*** Exercise material ***
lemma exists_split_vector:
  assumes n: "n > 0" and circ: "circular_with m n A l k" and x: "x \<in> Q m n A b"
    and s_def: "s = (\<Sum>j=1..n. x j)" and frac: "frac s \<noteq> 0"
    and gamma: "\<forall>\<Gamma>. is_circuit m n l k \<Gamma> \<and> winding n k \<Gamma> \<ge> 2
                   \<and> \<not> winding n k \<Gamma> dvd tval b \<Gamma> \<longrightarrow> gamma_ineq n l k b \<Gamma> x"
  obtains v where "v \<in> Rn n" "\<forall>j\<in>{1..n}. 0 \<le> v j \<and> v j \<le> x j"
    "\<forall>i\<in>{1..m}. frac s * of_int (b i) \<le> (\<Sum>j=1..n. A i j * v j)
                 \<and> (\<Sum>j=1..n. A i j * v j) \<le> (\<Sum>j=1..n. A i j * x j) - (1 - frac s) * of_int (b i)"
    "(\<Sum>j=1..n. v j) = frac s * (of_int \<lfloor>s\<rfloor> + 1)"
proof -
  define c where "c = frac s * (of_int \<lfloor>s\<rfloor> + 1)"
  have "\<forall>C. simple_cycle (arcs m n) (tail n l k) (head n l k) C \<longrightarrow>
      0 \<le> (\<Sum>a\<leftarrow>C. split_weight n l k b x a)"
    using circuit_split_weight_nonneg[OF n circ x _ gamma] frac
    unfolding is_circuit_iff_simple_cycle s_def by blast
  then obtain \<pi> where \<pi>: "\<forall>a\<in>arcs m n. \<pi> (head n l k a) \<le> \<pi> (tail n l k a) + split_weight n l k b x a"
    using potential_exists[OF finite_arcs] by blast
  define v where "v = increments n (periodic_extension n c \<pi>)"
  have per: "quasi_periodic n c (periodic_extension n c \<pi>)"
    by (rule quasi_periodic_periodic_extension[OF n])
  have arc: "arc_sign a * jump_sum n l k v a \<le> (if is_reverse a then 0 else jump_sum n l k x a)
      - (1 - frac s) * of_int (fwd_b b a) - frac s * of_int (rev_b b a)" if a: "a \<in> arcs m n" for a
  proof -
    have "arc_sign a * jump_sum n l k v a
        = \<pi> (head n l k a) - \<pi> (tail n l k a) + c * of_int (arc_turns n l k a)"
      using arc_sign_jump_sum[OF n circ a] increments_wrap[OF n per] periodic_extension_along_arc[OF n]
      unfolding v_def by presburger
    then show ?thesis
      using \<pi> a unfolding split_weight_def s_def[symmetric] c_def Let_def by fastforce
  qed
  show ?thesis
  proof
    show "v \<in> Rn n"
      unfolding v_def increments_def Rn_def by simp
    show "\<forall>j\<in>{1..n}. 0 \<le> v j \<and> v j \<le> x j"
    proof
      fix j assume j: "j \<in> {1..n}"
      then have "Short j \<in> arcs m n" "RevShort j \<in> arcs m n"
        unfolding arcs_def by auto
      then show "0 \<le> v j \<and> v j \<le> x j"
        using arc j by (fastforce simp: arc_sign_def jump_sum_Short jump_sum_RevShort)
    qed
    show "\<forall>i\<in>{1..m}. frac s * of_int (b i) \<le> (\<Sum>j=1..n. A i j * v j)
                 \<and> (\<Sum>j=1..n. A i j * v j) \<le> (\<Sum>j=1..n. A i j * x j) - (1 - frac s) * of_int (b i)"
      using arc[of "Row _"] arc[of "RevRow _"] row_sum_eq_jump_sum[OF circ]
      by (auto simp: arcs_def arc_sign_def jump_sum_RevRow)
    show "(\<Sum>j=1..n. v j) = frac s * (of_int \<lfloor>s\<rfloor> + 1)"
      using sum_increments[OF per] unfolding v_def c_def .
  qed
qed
*** End of Exercise material ***
**Task instructions:**
For every line above that has "fastforce" in it, copy the line.

**Response:**
      using \<pi> a unfolding split_weight_def s_def[symmetric] c_def Let_def by fastforce
        using arc j by (fastforce simp: arc_sign_def jump_sum_Short jump_sum_RevShort)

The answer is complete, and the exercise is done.